ACTION ITEM: Copy out the entries below exactly as they stand, but only from the line containing "then show ?case by (intro" through the line containing "using assms by (auto simp: add_eq_conv_ex)".

DATASET EXTRACT:
(* Let $\mathbf{S}$ be any one of the four systems $\mathbf{G3N}$, $\mathbf{G3NeF}$, $\mathbf{G3CoPC}$, $\mathbf{G3MPC}$. Let $\Gamma,\Delta$ be finite multisets of formulas and $\varphi$ a formula such that the common language of $\Gamma$ and $\Delta,\varphi$ is non-empty. If $\Gamma,\Delta\Rightarrow\varphi$ is derivable in $\mathbf{S}$, then there exists a formula $\sigma$ such that (1) every propositional variable occurring in $\sigma$ belongs to the common language of $\Gamma$ and $\Delta,\varphi$, and (2) both $\Gamma\Rightarrow\sigma$ and $\Delta,\sigma\Rightarrow\varphi$ are derivable in $\mathbf{S}$.
   Context: Formulas are generated from a countable set of propositional variables $p,q,\dots$ and the constant $\top$ by the grammar $\varphi::= p\mid\top\mid\varphi\wedge\varphi\mid\varphi\vee\varphi\mid\varphi\to\varphi\mid\neg\varphi$ (there is no constant $\bot$). $\varphi\leftrightarrow\psi$ abbreviates $(\varphi\to\psi)\wedge(\psi\to\varphi)$. A sequent is an expression $\Gamma\Rightarrow\varphi$ where $\Gamma$ is a finite multiset of formulas and $\varphi$ is a formula (the goal); $\Gamma,\Delta$ denotes multiset union and $\Gamma,\alpha$ denotes $\Gamma$ with one more occurrence of $\alpha$. Rules ($p$ a propositional variable): (ax) $\Gamma,p\Rightarrow p$ (no premises); ($\top$) $\Gamma\Rightarrow\top$ (no premises); ($\to$r) from $\Gamma,\alpha\Rightarrow\beta$ infer $\Gamma\Rightarrow\alpha\to\beta$; ($\to$l) from $\Gamma,\alpha\to\beta\Rightarrow\alpha$ and $\Gamma,\beta\Rightarrow\varphi$ infer $\Gamma,\alpha\to\beta\Rightarrow\varphi$; ($\wedge$r) from $\Gamma\Rightarrow\alpha$ and $\Gamma\Rightarrow\beta$ infer $\Gamma\Rightarrow\alpha\wedge\beta$; ($\wedge$l) from $\Gamma,\alpha,\beta\Rightarrow\varphi$ infer $\Gamma,\alpha\wedge\beta\Rightarrow\varphi$; ($\vee$r$_1$), ($\vee$r$_2$) from $\Gamma\Rightarrow\alpha$ (resp. $\Gamma\Rightarrow\beta$) infer $\Gamma\Rightarrow\alpha\vee\beta$; ($\vee$l) from $\Gamma,\alpha\Rightarrow\varphi$ and $\Gamma,\beta\Rightarrow\varphi$ infer $\Gamma,\alpha\vee\beta\Rightarrow\varphi$; (n) from $\Gamma,\neg\alpha,\beta\Rightarrow\alpha$ and $\Gamma,\neg\alpha,\alpha\Rightarrow\beta$ infer $\Gamma,\neg\alpha\Rightarrow\neg\beta$; (nef) from $\Gamma,\neg\alpha\Rightarrow\alpha$ infer $\Gamma,\neg\alpha\Rightarrow\neg\beta$; (copc) from $\Gamma,\neg\alpha,\beta\Rightarrow\alpha$ infer $\Gamma,\neg\alpha\Rightarrow\neg\beta$; (an) from $\Gamma,\alpha\Rightarrow\neg\alpha$ infer $\Gamma\Rightarrow\neg\alpha$. The rules (ax) through ($\vee$l) are the positive rules. The four systems are: $\mathbf{G3N}$ = positive rules + (n); $\mathbf{G3NeF}$ = positive rules + (n) + (nef); $\mathbf{G3CoPC}$ = positive rules + (copc); $\mathbf{G3MPC}$ = positive rules + (copc) + (an). None of them contains weakening, contraction or cut as a rule. A derivation is a finite tree of rule instances with leaves instances of (ax) or ($\top$); its height is the number of inference steps on a longest branch. A sequent is derivable if it has a derivation; a formula $\varphi$ is a theorem if $\Rightarrow\varphi$ (empty antecedent) is derivable. The common language of two multisets of formulas $\Gamma$ and $\Delta'$ is the set of propositional variables that occur both in some formula of $\Gamma$ and in some formula of $\Delta'$; here $\Delta'$ is $\Delta$ together with $\varphi$. *)

theory Defs
  imports Main "HOL-Library.Multiset"
begin

datatype fm = Var nat | Top | And fm fm | Or fm fm | Imp fm fm | Neg fm

fun vars :: "fm \<Rightarrow> nat set" where
  "vars (Var p) = {p}"
| "vars Top = {}"
| "vars (And a b) = vars a \<union> vars b"
| "vars (Or a b) = vars a \<union> vars b"
| "vars (Imp a b) = vars a \<union> vars b"
| "vars (Neg a) = vars a"

definition mvars :: "fm multiset \<Rightarrow> nat set" where
  "mvars G = (\<Union>a\<in>set_mset G. vars a)"

definition common_lang :: "fm multiset \<Rightarrow> fm multiset \<Rightarrow> fm \<Rightarrow> nat set" where
  "common_lang G D phi = mvars G \<inter> mvars (add_mset phi D)"

datatype sys = G3N | G3NeF | G3CoPC | G3MPC

definition has_n :: "sys \<Rightarrow> bool" where "has_n S \<longleftrightarrow> S = G3N \<or> S = G3NeF"
definition has_nef :: "sys \<Rightarrow> bool" where "has_nef S \<longleftrightarrow> S = G3NeF"
definition has_copc :: "sys \<Rightarrow> bool" where "has_copc S \<longleftrightarrow> S = G3CoPC \<or> S = G3MPC"
definition has_an :: "sys \<Rightarrow> bool" where "has_an S \<longleftrightarrow> S = G3MPC"

inductive deriv :: "sys \<Rightarrow> fm multiset \<Rightarrow> fm \<Rightarrow> bool" for S where
  ax: "deriv S (add_mset (Var p) G) (Var p)"
| top: "deriv S G Top"
| impR: "deriv S (add_mset a G) b \<Longrightarrow> deriv S G (Imp a b)"
| impL: "deriv S (add_mset (Imp a b) G) a \<Longrightarrow> deriv S (add_mset b G) phi
         \<Longrightarrow> deriv S (add_mset (Imp a b) G) phi"
| andR: "deriv S G a \<Longrightarrow> deriv S G b \<Longrightarrow> deriv S G (And a b)"
| andL: "deriv S (add_mset a (add_mset b G)) phi \<Longrightarrow> deriv S (add_mset (And a b) G) phi"
| orR1: "deriv S G a \<Longrightarrow> deriv S G (Or a b)"
| orR2: "deriv S G b \<Longrightarrow> deriv S G (Or a b)"
| orL: "deriv S (add_mset a G) phi \<Longrightarrow> deriv S (add_mset b G) phi
        \<Longrightarrow> deriv S (add_mset (Or a b) G) phi"
| n: "has_n S \<Longrightarrow> deriv S (add_mset (Neg a) (add_mset b G)) a
      \<Longrightarrow> deriv S (add_mset (Neg a) (add_mset a G)) b
      \<Longrightarrow> deriv S (add_mset (Neg a) G) (Neg b)"
| nef: "has_nef S \<Longrightarrow> deriv S (add_mset (Neg a) G) a
      \<Longrightarrow> deriv S (add_mset (Neg a) G) (Neg b)"
| copc: "has_copc S \<Longrightarrow> deriv S (add_mset (Neg a) (add_mset b G)) a
      \<Longrightarrow> deriv S (add_mset (Neg a) G) (Neg b)"
| an: "has_an S \<Longrightarrow> deriv S (add_mset a G) (Neg a) \<Longrightarrow> deriv S G (Neg a)"

end

theory Submission
  imports Defs
begin

text \<open>Maehara's method. By induction on a derivation of \<open>\<Gamma>, \<Delta> \<Rightarrow> \<phi>\<close> one builds, for every
  split of the antecedent, a formula \<open>\<sigma>\<close> in the common language with \<open>\<Gamma> \<Rightarrow> \<sigma>\<close> and
  \<open>\<sigma>, \<Delta> \<Rightarrow> \<phi>\<close>: each rule turns interpolants of its premises into one of its conclusion, the
  two sides exchanging their roles when a premise moves a side formula of a \<open>\<Gamma>\<close>-principal
  formula to the succedent. The one case that is not a mere recombination is rule (n) with
  principal formula \<open>\<not>x\<close> in \<open>\<Gamma>\<close>, whose construction needs a cut. Cut is therefore shown
  admissible first, by induction on the cut formula and on the derivation of the right premise,
  using that the left rules for \<open>\<and>\<close>, \<open>\<or>\<close>, \<open>\<rightarrow>\<close> are invertible.\<close>

section \<open>Structural rules\<close>

lemma deriv_weaken: "deriv S G C \<Longrightarrow> deriv S (G + H) C"
  by (induction rule: deriv.induct) (auto intro: deriv.intros)

lemma deriv_weaken1: "deriv S G C \<Longrightarrow> deriv S (add_mset x G) C"
  using deriv_weaken[of S G C "{#x#}"] by simp

lemma deriv_weaken_subset: "deriv S G C \<Longrightarrow> G \<subseteq># H \<Longrightarrow> deriv S H C"
  by (metis deriv_weaken subset_mset.add_diff_inverse)

lemma has_n_iff_not_copc: "has_n S \<longleftrightarrow> \<not> has_copc S"
  by (cases S) (simp_all add: has_n_def has_copc_def)

lemma has_nef_imp_n: "has_nef S \<Longrightarrow> has_n S"
  by (cases S) (simp_all add: has_n_def has_nef_def)

lemma has_an_imp_copc: "has_an S \<Longrightarrow> has_copc S"
  by (cases S) (simp_all add: has_an_def has_copc_def)

lemma deriv_identity: "deriv S (add_mset A G) A"
proof (induction A arbitrary: G)
  case (Var p)
  show ?case by (rule deriv.ax)
next
  case Top
  show ?case by (rule deriv.top)
next
  case (And A B)
  have "deriv S (add_mset A (add_mset B G)) A" "deriv S (add_mset A (add_mset B G)) B"
    using And.IH[of "add_mset B G"] And.IH(2)[of "add_mset A G"] by (simp_all add: add_mset_commute)
  then show ?case by (blast intro: deriv.andR deriv.andL)
next
  case (Or A B)
  show ?case using Or.IH by (blast intro: deriv.orL deriv.orR1 deriv.orR2)
next
  case (Imp A B)
  have "deriv S (add_mset (Imp A B) (add_mset A G)) A"
    using Imp.IH(1)[of "add_mset (Imp A B) G"] by (simp add: add_mset_commute)
  then have "deriv S (add_mset (Imp A B) (add_mset A G)) B"
    using Imp.IH(2) by (rule deriv.impL)
  then show ?case by (intro deriv.impR) (simp add: add_mset_commute)
next
  case (Neg A)
  have "deriv S (add_mset (Neg A) (add_mset A G)) A"
    using Neg.IH[of "add_mset (Neg A) G"] by (simp add: add_mset_commute)
  then show ?case
    using has_n_iff_not_copc[of S] by (blast intro: deriv.n deriv.copc)
qed

section \<open>Invertible rules\<close>

lemma add_mset_eq_add_mset_cases:
  assumes "add_mset a M = add_mset b N"
  obtains "a = b" "M = N" | K where "M = add_mset b K" "N = add_mset a K"
  using assms by (auto simp: add_eq_conv_ex)

text \<open>\<open>P\<close> is an invariant of the context of \<open>A\<close>; for cut admissibility it says that this
  context still derives the cut formula \<open>A\<close>.\<close>

lemma deriv_replace_antecedent:
  assumes "deriv S M C" and "M = add_mset A K" and "P K"
    and P_weaken: "\<And>K x. P K \<Longrightarrow> P (add_mset x K)"
    and P_ImpL: "\<And>K x y. P (add_mset (Imp x y) K) \<Longrightarrow> P (add_mset y K)"
    and P_AndL: "\<And>K x y. P (add_mset (And x y) K) \<Longrightarrow> P (add_mset x (add_mset y K))"
    and P_OrL: "\<And>K x y. P (add_mset (Or x y) K) \<Longrightarrow> P (add_mset x K) \<and> P (add_mset y K)"
    and principal_ax: "\<And>p K. A = Var p \<Longrightarrow> P K \<Longrightarrow> deriv S (R + K) (Var p)"
    and principal_impL: "\<And>x y K phi. A = Imp x y \<Longrightarrow> P K \<Longrightarrow> deriv S (R + K) x
      \<Longrightarrow> deriv S (add_mset y K) phi \<Longrightarrow> deriv S (R + K) phi"
    and principal_andL: "\<And>x y K phi. A = And x y \<Longrightarrow> P K
      \<Longrightarrow> deriv S (add_mset x (add_mset y K)) phi \<Longrightarrow> deriv S (R + K) phi"
    and principal_orL: "\<And>x y K phi. A = Or x y \<Longrightarrow> P K
      \<Longrightarrow> deriv S (add_mset x K) phi \<Longrightarrow> deriv S (add_mset y K) phi \<Longrightarrow> deriv S (R + K) phi"
    and principal_n: "\<And>x y K. A = Neg x \<Longrightarrow> has_n S \<Longrightarrow> P K
      \<Longrightarrow> deriv S (R + add_mset y K) x \<Longrightarrow> deriv S (R + add_mset x K) y \<Longrightarrow> deriv S (R + K) (Neg y)"
    and principal_nef: "\<And>x y K. A = Neg x \<Longrightarrow> has_nef S \<Longrightarrow> P K
      \<Longrightarrow> deriv S (R + K) x \<Longrightarrow> deriv S (R + K) (Neg y)"
    and principal_copc: "\<And>x y K. A = Neg x \<Longrightarrow> has_copc S \<Longrightarrow> P K
      \<Longrightarrow> deriv S (R + add_mset y K) x \<Longrightarrow> deriv S (R + K) (Neg y)"
  shows "deriv S (R + K) C"
  using assms(1-3)
proof (induction arbitrary: K rule: deriv.induct)
  case (ax p G)
  from ax.prems(1) show ?case
  proof (cases rule: add_mset_eq_add_mset_cases)
    case 1 with ax.prems(2) principal_ax show ?thesis by metis
  next
    case (2 K')
    then show ?thesis using deriv.ax[of S p "R + K'"] by simp
  qed
next
  case (top G)
  show ?case by (rule deriv.top)
next
  case (impR x G y)
  have "P (add_mset x K)" using impR.prems(2) by (rule P_weaken)
  then have "deriv S (add_mset x (R + K)) y"
    using impR.IH[of "add_mset x K"] impR.prems(1) by (simp add: add_mset_commute)
  then show ?case by (rule deriv.impR)
next
  case (impL x y G phi)
  have left: "deriv S (R + K) x" using impL.IH(1) impL.prems by blast
  from impL.prems(1) show ?case
  proof (cases rule: add_mset_eq_add_mset_cases)
    case 1 with impL.prems(2) impL.hyps(2) left principal_impL show ?thesis by metis
  next
    case (2 K')
    have "P (add_mset y K')" using P_ImpL[of x y K'] impL.prems(2) 2 by simp
    then have "deriv S (add_mset y (R + K')) phi"
      using impL.IH(2)[of "add_mset y K'"] 2 by (simp add: add_mset_commute)
    moreover have "deriv S (add_mset (Imp x y) (R + K')) x" using left 2 by simp
    ultimately show ?thesis using 2 by (simp add: deriv.impL)
  qed
next
  case (andR G x y)
  then show ?case by (blast intro: deriv.andR)
next
  case (andL x y G phi)
  from andL.prems(1) show ?case
  proof (cases rule: add_mset_eq_add_mset_cases)
    case 1 with andL.prems(2) andL.hyps principal_andL show ?thesis by metis
  next
    case (2 K')
    have "P (add_mset x (add_mset y K'))" using P_AndL[of x y K'] andL.prems(2) 2 by simp
    then have "deriv S (add_mset x (add_mset y (R + K'))) phi"
      using andL.IH[of "add_mset x (add_mset y K')"] 2 by (simp add: add_mset_commute)
    then show ?thesis using 2 by (simp add: deriv.andL)
  qed
next
  case (orR1 G x y)
  then show ?case by (blast intro: deriv.orR1)
next
  case (orR2 G y x)
  then show ?case by (blast intro: deriv.orR2)
next
  case (orL x G phi y)
  from orL.prems(1) show ?case
  proof (cases rule: add_mset_eq_add_mset_cases)
    case 1 with orL.prems(2) orL.hyps principal_orL show ?thesis by metis
  next
    case (2 K')
    have "P (add_mset x K')" "P (add_mset y K')" using P_OrL[of x y K'] orL.prems(2) 2 by simp_all
    then have "deriv S (add_mset x (R + K')) phi" "deriv S (add_mset y (R + K')) phi"
      using orL.IH[of "add_mset x K'"]
        orL.IH[of "add_mset y K'"] 2 by (simp_all add: add_mset_commute)
    then show ?thesis using 2 by (simp add: deriv.orL)
  qed
next
  case (n x y G)
  from n.prems(1) show ?case
  proof (cases rule: add_mset_eq_add_mset_cases)
    case 1
    have "P (add_mset y K)" "P (add_mset x K)" using n.prems(2) by (simp_all add: P_weaken)
    with 1 n.prems(2) n.IH n.hyps(1) principal_n show ?thesis by metis
  next
    case (2 K')
    have "P (add_mset (Neg x) (add_mset z K'))" for z
      using P_weaken[OF n.prems(2), of z] 2 by (simp add: add_mset_commute)
    then have "deriv S (add_mset (Neg x) (add_mset y (R + K'))) x"
      "deriv S (add_mset (Neg x) (add_mset x (R + K'))) y"
      using n.IH(1)[of "add_mset (Neg x) (add_mset y K')"]
        n.IH(2)[of "add_mset (Neg x) (add_mset x K')"] 2
      by (simp_all add: add_mset_commute)
    then show ?thesis using 2 n.hyps(1) by (simp add: deriv.n)
  qed
next
  case (nef x G y)
  from nef.prems(1) show ?case
  proof (cases rule: add_mset_eq_add_mset_cases)
    case 1 with nef.prems(2) nef.IH nef.hyps(1) principal_nef show ?thesis by metis
  next
    case (2 K')
    have "deriv S (add_mset (Neg x) (R + K')) x"
      using nef.IH nef.prems 2 by simp
    then show ?thesis using 2 nef.hyps(1) by (simp add: deriv.nef)
  qed
next
  case (copc x y G)
  from copc.prems(1) show ?case
  proof (cases rule: add_mset_eq_add_mset_cases)
    case 1
    have "P (add_mset y K)" using copc.prems(2) by (rule P_weaken)
    with 1 copc.prems(2) copc.IH copc.hyps(1) principal_copc show ?thesis by metis
  next
    case (2 K')
    have "P (add_mset (Neg x) (add_mset y K'))"
      using P_weaken[OF copc.prems(2), of y] 2 by (simp add: add_mset_commute)
    then have "deriv S (add_mset (Neg x) (add_mset y (R + K'))) x"
      using copc.IH[of "add_mset (Neg x) (add_mset y K')"] 2 by (simp add: add_mset_commute)
    then show ?thesis using 2 copc.hyps(1) by (simp add: deriv.copc)
  qed
next
  case (an x G)
  have "P (add_mset x K)" using an.prems(2) by (rule P_weaken)
  then have "deriv S (add_mset x (R + K)) (Neg x)"
    using an.IH[of "add_mset x K"] an.prems(1) by (simp add: add_mset_commute)
  then show ?case by (rule deriv.an[OF an.hyps(1)])
qed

TASK RESPONSE:
  then show ?case by (intro deriv.impR) (simp add: add_mset_commute)
next
  case (Neg A)
  have "deriv S (add_mset (Neg A) (add_mset A G)) A"
    using Neg.IH[of "add_mset (Neg A) G"] by (simp add: add_mset_commute)
  then show ?case
    using has_n_iff_not_copc[of S] by (blast intro: deriv.n deriv.copc)
qed

section \<open>Invertible rules\<close>

lemma add_mset_eq_add_mset_cases:
  assumes "add_mset a M = add_mset b N"
  obtains "a = b" "M = N" | K where "M = add_mset b K" "N = add_mset a K"
  using assms by (auto simp: add_eq_conv_ex)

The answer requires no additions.